## Source data
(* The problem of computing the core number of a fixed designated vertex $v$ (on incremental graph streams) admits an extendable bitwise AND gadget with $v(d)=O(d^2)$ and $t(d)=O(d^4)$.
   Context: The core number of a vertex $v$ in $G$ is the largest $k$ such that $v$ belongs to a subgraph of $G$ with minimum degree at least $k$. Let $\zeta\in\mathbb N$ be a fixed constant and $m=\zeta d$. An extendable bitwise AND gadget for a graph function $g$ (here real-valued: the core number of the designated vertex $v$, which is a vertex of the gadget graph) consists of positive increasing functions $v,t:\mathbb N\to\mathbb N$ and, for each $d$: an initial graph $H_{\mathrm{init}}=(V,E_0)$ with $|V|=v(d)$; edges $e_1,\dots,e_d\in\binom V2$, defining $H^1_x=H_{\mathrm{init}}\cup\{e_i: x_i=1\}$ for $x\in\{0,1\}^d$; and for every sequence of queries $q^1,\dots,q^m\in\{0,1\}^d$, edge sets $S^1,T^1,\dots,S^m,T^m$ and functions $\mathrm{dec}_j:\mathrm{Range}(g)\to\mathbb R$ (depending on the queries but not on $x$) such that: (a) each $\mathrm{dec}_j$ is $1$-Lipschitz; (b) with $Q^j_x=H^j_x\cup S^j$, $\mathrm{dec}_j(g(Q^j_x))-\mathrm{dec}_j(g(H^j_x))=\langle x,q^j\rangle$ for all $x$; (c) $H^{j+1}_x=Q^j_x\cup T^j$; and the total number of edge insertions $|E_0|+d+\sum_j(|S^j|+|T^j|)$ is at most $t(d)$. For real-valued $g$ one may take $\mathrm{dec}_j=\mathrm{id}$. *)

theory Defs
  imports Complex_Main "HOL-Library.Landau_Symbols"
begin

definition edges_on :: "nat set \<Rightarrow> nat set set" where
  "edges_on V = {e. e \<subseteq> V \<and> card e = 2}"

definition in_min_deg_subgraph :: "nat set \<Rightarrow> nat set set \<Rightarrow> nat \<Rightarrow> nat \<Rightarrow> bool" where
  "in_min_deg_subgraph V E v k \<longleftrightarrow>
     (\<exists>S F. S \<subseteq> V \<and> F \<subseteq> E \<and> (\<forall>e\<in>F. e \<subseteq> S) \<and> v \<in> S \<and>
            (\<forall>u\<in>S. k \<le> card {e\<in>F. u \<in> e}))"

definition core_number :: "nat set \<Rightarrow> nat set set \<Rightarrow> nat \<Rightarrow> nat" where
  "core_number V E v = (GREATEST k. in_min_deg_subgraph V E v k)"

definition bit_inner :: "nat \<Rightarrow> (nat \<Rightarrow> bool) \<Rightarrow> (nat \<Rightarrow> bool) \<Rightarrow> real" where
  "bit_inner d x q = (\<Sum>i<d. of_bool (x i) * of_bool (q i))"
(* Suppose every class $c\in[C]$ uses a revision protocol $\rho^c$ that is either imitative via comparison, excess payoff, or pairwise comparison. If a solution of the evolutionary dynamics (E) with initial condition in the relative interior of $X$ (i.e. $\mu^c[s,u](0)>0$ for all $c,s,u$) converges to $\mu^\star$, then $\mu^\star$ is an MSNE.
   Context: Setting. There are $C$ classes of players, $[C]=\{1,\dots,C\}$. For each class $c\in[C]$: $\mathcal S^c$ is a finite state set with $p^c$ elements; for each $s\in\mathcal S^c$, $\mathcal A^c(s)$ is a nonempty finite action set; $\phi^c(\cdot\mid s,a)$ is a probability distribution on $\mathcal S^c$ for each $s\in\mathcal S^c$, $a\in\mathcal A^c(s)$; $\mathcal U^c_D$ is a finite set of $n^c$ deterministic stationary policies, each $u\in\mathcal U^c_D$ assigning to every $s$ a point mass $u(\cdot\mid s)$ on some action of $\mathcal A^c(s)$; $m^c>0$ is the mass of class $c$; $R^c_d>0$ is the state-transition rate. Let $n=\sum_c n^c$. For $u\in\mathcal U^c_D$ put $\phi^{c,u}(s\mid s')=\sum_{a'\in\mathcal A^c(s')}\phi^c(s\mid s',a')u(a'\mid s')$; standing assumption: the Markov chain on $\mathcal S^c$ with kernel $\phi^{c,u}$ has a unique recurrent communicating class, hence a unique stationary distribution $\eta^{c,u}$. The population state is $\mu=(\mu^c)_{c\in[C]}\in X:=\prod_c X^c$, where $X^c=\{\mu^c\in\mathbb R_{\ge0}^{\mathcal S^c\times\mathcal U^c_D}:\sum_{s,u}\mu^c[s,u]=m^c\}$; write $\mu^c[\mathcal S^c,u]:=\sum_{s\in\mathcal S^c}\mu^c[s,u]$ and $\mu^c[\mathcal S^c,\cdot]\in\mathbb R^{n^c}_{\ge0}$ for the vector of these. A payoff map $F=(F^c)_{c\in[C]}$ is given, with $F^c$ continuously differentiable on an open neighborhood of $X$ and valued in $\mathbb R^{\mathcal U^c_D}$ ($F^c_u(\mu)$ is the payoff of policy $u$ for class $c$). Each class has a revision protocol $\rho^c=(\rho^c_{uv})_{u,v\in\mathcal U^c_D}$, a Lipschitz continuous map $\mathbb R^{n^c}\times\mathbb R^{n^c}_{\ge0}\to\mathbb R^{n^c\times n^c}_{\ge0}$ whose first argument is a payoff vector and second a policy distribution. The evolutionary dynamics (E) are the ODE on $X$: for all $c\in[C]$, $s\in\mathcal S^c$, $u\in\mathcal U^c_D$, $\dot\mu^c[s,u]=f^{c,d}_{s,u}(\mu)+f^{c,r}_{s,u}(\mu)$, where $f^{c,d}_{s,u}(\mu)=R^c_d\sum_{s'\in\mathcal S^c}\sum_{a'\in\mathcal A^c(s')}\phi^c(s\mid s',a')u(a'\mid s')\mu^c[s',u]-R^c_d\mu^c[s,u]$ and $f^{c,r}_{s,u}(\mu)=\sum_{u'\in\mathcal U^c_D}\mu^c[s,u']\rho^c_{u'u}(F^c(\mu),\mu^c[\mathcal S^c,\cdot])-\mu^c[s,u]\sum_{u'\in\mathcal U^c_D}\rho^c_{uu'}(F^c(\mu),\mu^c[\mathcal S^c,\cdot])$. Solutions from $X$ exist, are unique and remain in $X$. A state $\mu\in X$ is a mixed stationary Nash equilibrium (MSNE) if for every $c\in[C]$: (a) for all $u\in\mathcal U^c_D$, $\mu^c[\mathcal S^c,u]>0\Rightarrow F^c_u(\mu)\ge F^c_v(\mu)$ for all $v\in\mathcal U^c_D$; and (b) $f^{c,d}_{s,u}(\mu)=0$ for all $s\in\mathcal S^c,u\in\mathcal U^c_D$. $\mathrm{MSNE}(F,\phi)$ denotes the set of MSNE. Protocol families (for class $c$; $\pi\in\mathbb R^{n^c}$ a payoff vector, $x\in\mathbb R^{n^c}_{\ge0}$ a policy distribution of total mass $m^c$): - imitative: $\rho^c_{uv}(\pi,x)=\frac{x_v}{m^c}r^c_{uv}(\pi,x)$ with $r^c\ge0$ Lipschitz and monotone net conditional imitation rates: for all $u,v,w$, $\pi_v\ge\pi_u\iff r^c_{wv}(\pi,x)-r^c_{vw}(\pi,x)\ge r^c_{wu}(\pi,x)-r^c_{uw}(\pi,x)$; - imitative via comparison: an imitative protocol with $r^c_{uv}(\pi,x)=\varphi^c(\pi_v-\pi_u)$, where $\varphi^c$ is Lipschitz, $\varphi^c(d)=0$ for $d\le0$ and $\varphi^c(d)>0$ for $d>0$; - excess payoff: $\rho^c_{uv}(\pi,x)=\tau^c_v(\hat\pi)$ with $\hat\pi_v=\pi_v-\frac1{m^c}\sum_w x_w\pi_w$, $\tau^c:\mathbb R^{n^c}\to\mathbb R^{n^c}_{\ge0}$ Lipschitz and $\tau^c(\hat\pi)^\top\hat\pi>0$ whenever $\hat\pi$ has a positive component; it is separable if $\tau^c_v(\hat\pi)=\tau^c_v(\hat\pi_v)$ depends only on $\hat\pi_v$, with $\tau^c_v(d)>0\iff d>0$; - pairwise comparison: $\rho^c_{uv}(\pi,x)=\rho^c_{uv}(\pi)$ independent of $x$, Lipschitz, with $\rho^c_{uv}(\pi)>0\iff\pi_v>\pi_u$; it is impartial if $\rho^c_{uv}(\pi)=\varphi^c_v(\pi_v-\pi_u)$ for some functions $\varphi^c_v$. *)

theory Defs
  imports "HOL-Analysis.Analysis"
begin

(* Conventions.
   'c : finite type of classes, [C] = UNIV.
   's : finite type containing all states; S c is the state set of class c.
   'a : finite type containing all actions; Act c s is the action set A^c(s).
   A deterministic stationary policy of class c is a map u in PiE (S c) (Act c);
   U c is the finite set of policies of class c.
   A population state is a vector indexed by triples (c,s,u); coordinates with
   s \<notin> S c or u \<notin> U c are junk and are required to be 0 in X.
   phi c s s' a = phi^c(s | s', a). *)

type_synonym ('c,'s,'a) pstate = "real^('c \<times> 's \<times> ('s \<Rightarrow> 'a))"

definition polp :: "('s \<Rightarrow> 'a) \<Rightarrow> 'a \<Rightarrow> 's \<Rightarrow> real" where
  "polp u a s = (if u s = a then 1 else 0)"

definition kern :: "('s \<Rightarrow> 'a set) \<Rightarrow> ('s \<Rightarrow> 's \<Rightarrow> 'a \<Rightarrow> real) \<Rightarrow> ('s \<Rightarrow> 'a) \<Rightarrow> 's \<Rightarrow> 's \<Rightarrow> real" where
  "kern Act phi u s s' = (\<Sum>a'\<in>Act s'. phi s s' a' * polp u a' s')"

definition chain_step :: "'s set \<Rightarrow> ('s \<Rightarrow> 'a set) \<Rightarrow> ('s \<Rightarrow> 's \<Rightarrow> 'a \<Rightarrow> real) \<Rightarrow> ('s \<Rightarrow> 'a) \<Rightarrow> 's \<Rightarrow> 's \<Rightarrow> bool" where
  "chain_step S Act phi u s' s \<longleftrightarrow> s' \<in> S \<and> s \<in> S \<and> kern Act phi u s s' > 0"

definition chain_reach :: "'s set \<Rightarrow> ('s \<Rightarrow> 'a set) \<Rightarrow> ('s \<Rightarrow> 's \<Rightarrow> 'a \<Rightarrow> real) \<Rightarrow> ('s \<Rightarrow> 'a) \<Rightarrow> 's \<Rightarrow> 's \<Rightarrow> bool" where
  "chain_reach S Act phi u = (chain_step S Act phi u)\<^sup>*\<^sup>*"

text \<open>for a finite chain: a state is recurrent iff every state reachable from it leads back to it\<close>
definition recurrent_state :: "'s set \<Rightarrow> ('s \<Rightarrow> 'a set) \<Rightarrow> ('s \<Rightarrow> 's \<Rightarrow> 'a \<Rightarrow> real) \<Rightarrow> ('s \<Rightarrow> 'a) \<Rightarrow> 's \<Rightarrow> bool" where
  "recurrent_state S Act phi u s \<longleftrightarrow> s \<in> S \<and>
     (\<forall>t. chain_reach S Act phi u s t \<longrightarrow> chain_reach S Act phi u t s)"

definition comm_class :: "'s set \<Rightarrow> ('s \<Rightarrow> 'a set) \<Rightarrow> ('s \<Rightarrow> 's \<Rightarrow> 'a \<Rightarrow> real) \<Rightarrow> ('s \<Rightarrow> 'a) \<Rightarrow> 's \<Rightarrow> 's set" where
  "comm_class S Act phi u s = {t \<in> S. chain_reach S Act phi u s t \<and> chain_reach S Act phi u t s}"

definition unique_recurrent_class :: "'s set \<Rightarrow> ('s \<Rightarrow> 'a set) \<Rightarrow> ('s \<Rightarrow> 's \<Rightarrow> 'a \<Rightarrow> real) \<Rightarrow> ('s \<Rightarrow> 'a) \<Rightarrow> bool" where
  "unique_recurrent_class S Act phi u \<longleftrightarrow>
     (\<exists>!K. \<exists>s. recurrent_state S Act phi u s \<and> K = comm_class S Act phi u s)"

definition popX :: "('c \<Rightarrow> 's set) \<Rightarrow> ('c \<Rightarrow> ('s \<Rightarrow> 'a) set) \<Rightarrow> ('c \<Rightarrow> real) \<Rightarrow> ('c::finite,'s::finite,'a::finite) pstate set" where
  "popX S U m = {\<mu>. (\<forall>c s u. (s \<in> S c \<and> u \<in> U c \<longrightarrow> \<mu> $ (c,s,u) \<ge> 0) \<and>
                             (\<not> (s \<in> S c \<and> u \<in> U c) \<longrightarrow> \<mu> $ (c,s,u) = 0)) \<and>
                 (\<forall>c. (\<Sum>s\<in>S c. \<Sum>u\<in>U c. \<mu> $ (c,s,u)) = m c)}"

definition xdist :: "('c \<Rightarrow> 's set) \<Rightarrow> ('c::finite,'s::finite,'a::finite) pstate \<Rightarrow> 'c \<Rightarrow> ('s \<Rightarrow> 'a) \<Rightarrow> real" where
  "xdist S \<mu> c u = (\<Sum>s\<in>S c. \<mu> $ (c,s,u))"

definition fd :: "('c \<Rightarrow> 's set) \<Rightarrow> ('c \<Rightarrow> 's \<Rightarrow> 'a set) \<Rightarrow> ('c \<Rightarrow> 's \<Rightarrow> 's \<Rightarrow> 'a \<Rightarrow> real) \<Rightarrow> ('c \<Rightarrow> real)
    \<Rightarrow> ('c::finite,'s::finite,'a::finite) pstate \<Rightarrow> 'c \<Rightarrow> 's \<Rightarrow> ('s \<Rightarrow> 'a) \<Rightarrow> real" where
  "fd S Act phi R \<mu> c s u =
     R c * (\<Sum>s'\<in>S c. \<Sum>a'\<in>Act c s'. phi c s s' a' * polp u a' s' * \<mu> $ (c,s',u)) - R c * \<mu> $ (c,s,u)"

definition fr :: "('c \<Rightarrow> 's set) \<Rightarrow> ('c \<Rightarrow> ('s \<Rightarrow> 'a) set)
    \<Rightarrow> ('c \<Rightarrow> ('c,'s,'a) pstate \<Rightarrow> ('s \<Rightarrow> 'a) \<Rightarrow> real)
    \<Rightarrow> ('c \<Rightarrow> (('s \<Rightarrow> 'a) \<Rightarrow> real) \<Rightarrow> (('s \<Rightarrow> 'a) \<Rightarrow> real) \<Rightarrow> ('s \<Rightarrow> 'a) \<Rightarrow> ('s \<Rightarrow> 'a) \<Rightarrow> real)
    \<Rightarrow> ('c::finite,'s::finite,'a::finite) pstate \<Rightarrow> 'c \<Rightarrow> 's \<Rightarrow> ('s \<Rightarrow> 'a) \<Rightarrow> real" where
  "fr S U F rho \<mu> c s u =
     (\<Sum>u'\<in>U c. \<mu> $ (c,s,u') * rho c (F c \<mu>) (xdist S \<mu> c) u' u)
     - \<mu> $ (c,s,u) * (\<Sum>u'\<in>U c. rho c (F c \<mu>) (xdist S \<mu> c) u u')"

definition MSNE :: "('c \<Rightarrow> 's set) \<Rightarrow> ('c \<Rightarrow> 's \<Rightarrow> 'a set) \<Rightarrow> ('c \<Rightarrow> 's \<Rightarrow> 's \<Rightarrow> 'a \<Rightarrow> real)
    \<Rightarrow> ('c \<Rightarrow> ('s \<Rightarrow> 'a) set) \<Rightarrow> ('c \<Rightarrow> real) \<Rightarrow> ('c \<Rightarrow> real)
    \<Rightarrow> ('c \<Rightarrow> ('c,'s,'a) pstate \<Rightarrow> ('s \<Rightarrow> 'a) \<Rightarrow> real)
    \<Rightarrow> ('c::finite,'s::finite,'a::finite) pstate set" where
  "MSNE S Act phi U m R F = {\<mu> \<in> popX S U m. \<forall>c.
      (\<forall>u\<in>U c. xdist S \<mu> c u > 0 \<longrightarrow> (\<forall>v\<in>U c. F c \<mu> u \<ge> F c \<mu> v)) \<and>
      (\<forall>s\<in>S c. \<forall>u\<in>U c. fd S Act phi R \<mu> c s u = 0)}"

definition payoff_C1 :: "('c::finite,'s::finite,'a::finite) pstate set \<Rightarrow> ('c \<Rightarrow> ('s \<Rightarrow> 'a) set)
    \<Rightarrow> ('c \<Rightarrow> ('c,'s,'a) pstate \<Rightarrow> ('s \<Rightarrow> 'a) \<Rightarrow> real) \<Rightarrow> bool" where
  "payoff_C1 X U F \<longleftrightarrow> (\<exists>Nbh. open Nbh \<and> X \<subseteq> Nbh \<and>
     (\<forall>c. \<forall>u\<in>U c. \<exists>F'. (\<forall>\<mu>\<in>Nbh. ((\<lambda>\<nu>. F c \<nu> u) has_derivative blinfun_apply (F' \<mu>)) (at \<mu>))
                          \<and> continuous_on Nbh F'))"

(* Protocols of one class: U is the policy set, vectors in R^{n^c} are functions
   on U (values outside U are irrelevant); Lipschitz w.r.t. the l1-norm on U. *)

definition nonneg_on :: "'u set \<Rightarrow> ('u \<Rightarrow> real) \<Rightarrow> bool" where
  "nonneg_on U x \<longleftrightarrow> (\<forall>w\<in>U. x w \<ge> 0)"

## What you should do
Pick each line holding the word "card" out of the data and copy it.

## Result of the task
  "edges_on V = {e. e \<subseteq> V \<and> card e = 2}"
            (\<forall>u\<in>S. k \<le> card {e\<in>F. u \<in> e}))"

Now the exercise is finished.